Alfred-Maurice de Zayas - Biography

Biography

He was born in Havana as Alfredo (de) Zayas y Rozos (usually known as Alfredo (de) Zayas under Spanish naming customs), the son of the Cuban lawyer José-Maria-Enrique-Victor Zayas y Portela and Agustina Rozos y Arnaldo, a native of Asturias in Spain. He is a relative and namesake of Cuba's 4th President Alfredo Zayas y Alfonso. The family moved to the United States following the Cuban Revolution, and he anglicized his first name to Alfred. Alfred de Zayas grew up in Chicago and earned his juris doctor from Harvard Law School and a doctorate of philosophy in modern history from the Georg-August University of Göttingen. He practiced corporate law in New York and family law in Florida, as member of the New York and Florida Bars. He was also a Fulbright Fellow at the University of Tübingen and research fellow at the Max Planck Institute for Comparative Public Law and International Law in Heidelberg. In 1978-80, he participated in the German-American Schoolbook Commission at the Georg Eckert Institut in Braunschweig and in 1980 published a long article on the subject of prejudice and stereotypes in schoolbooks in "Aus Politik und Zeitgeschichte".

During the course of his legal and academic career, he has been a visiting professor of international law and of world history at a number of institutions, including the Graduate Institute of International Studies (Geneva), the DePaul University College of Law (Chicago), the University of British Columbia (Vancouver), the Geneva School of Diplomacy and International Relations, the Schiller International University (Leysin), the Académie Internationale de Droit Constitutionnel (Tunis), the University of Trier, the Santa Clara Law School, the Center for Applied Studies in International Negotiations (CASIN, Genève), the Institut de Droits de l'Homme Strasbourg, the Felix Ermacora Institute in Vienna, the Raoul Wallenberg Institute in Lund (Sweden), the Irish National University (Galway) and the Universidad de Alcalá de Henares (Madrid). He has been member of doctoral commissions at Institut Universitaire de Hautes Etudes Internationales, the universities of Amsterdam, Alcalá de Henares (Madrid), the International Humanitarian Law Institute (San Remo) and the Geneva School of Diplomacy.

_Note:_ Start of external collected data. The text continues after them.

lemma gw_pos_of_first_born_line:
  assumes "\<omega> \<in> first_born_line i k L" "m \<le> L"
  shows "1 \<le> gw \<xi> i k m \<omega>"
  using assms(2)
proof (induction m)
  case (Suc m)
  then have "1 \<le> gw \<xi> i k m \<omega>" "1 \<le> \<xi> i k m 0 \<omega>"
    using assms(1) by (auto simp: first_born_line_def)
  moreover from this have "\<xi> i k m 0 \<omega> \<le> (\<Sum>j<gw \<xi> i k m \<omega>. \<xi> i k m j \<omega>)"
    by (intro member_le_sum) auto
  ultimately show ?case
    by simp
qed simp

lemma prob_first_born_line_Int:
  "prob (first_born_line i k L \<inter> first_born_line i' k L)
     = measure_pmf.prob p {1..} ^ (card {i, i'} * L)"
proof -
  have eq: "first_born_line i k L \<inter> first_born_line i' k L
      = {\<omega>\<in>space M. \<forall>(i, k, n, j)\<in>{i, i'} \<times> {k} \<times> {..<L} \<times> {0}. 1 \<le> \<xi> i k n j \<omega>}"
    by (auto simp: first_born_line_def)
  show ?thesis
    unfolding eq using prob_offspring_all_pos[of "{i, i'} \<times> {k} \<times> {..<L} \<times> {0}"]
    by (simp add: card_cartesian_product)
qed

lemma prob_first_born_line: "prob (first_born_line i k L) = measure_pmf.prob p {1..} ^ L"
  using prob_first_born_line_Int[of i k L i] by simp

lemma prob_first_born_line_Int_distinct:
  "i \<noteq> i' \<Longrightarrow> prob (first_born_line i k L \<inter> first_born_line i' k L)
     = (measure_pmf.prob p {1..} ^ L)\<^sup>2"
  using prob_first_born_line_Int[of i k L i'] by (simp add: power2_eq_square power_add)

end

section \<open>Growth of the sum of \<open>A\<^sub>n\<close> processes\<close>

locale galton_watson_growth = galton_watson_family M p \<mu> \<xi> for M :: "'a measure" and p \<mu> \<xi> +
  fixes c :: "nat \<Rightarrow> real" and A :: "nat \<Rightarrow> nat" and a T :: real and k :: "nat \<Rightarrow> nat"
  assumes mu_pos: "0 < \<mu>"
    and c_pos: "\<And>n. n \<ge> 1 \<Longrightarrow> c n > 0"
    and c_lim: "filterlim (\<lambda>n. c n / real n) at_top sequentially"
    and A_pos: "\<And>n. n \<ge> 1 \<Longrightarrow> A n \<ge> 1"
    and A_lim: "(\<lambda>n. ln (real (A n)) / c n) \<longlonglongrightarrow> a"
    and a_pos: "a > 0"
    and T_pos: "T > 0"
begin

definition L :: "nat \<Rightarrow> nat" where "L n = nat \<lfloor>real n * T\<rfloor>"

definition S :: "nat \<Rightarrow> nat \<Rightarrow> 'a \<Rightarrow> nat" where
  "S n m \<omega> = (\<Sum>i\<in>{1..A n}. gw \<xi> i (k n) m \<omega>)"

lemma measurable_S[measurable]: "(\<lambda>\<omega>. real (S n m \<omega>)) \<in> borel_measurable M"
  unfolding S_def by measurable

lemma L_le: "real (L n) \<le> real n * T"
  unfolding L_def using T_pos by simp

lemma nat_floor_le_L: "0 \<le> t \<Longrightarrow> t \<le> T \<Longrightarrow> nat \<lfloor>real n * t\<rfloor> \<le> L n"
  unfolding L_def by (intro nat_mono floor_mono mult_left_mono) auto

lemma eventually_linear_le_c:
  assumes "0 < \<delta>"
  shows "eventually (\<lambda>n. K * real n \<le> \<delta> * c n) sequentially"
  using c_lim[unfolded filterlim_at_top, rule_format, of "K / \<delta>"] eventually_ge_at_top[of 1]
proof eventually_elim
  case (elim n)
  then have "\<delta> * (K / \<delta> * real n) \<le> \<delta> * c n"
    using assms by (intro mult_left_mono) (simp_all add: pos_le_divide_eq)
  then show ?case
    using assms by simp
qed

lemma eventually_ln_A_linear_le:
  assumes "0 < \<delta>"
  shows "eventually (\<lambda>n. ln (real (A n)) + K * real n \<le> (a + \<delta>) * c n) sequentially"
proof -
  have "eventually (\<lambda>n. ln (real (A n)) / c n < a + \<delta> / 2) sequentially"
    using A_lim assms by (intro order_tendstoD) auto
  with eventually_ge_at_top[of 1] eventually_linear_le_c[OF half_gt_zero[OF assms], of K]
  show ?thesis
  proof eventually_elim
    case (elim n)
    have "0 < c n"
      using c_pos elim(1) by simp
    with elim(3) have "ln (real (A n)) \<le> (a + \<delta> / 2) * c n"
      by (simp add: pos_divide_less_eq)
    with elim(2) show ?case
      by (simp add: algebra_simps)
  qed
qed

lemma eventually_linear_le_ln_A:
  assumes "0 < \<delta>"
  shows "eventually (\<lambda>n. (a - \<delta>) * c n + K * real n \<le> ln (real (A n))) sequentially"
proof -
  have "eventually (\<lambda>n. a - \<delta> / 2 < ln (real (A n)) / c n) sequentially"
    using A_lim assms by (intro order_tendstoD) auto
  with eventually_ge_at_top[of 1] eventually_linear_le_c[OF half_gt_zero[OF assms], of K]
  show ?thesis
  proof eventually_elim
    case (elim n)
    have "0 < c n"
      using c_pos elim(1) by simp
    with elim(3) have "(a - \<delta> / 2) * c n \<le> ln (real (A n))"
      by (simp add: pos_less_divide_eq)
    with elim(2) show ?case
      by (simp add: algebra_simps)
  qed
qed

De Zayas regularly publishes op-ed articles and essays in German and Swiss newspapers, including the Frankfurter Allgemeine Zeitung, Die Welt, Das Parlament, Der Spiegel, Bayernkurier, Zeit Fragen, Le Temps and the Tribune de Genève. He has made television appearances on round tables and panels for CNN, Russia Today, WDR, WDR's Monitor, WDR's "Alte und neue Heimat", Phoenix, 3sat, ZDF, ZDF-Magazin, Südwestfunk/Baden-Baden, "Report", Aschaffenburger Gespräche, Bayerischer Rundfunk, Léman Bleu (Geneva) etc. He has been legal and historical consultant to numerous television documentaries in the US, Canada, the Netherlands and Germany, including the Discovery Channel film on the sinking of the refugee ship "Wilhelm Gustloff", and the Bayerischer Rundfunk documentary "Flucht und Vertreibung". He regularly gives radio interviews to Deutschlandfunk, Deutsche Welle, Radio Cité (Geneva), WBAI (New York), and other stations.

De Zayas is a Roman Catholic and resides with his Dutch wife in Geneva.

According to press articles, he has been a registered Republican in the United States since 1968, when he was a Harvard student and active member of the Harvard Republicans, but has voted for the Democratic party since 2004.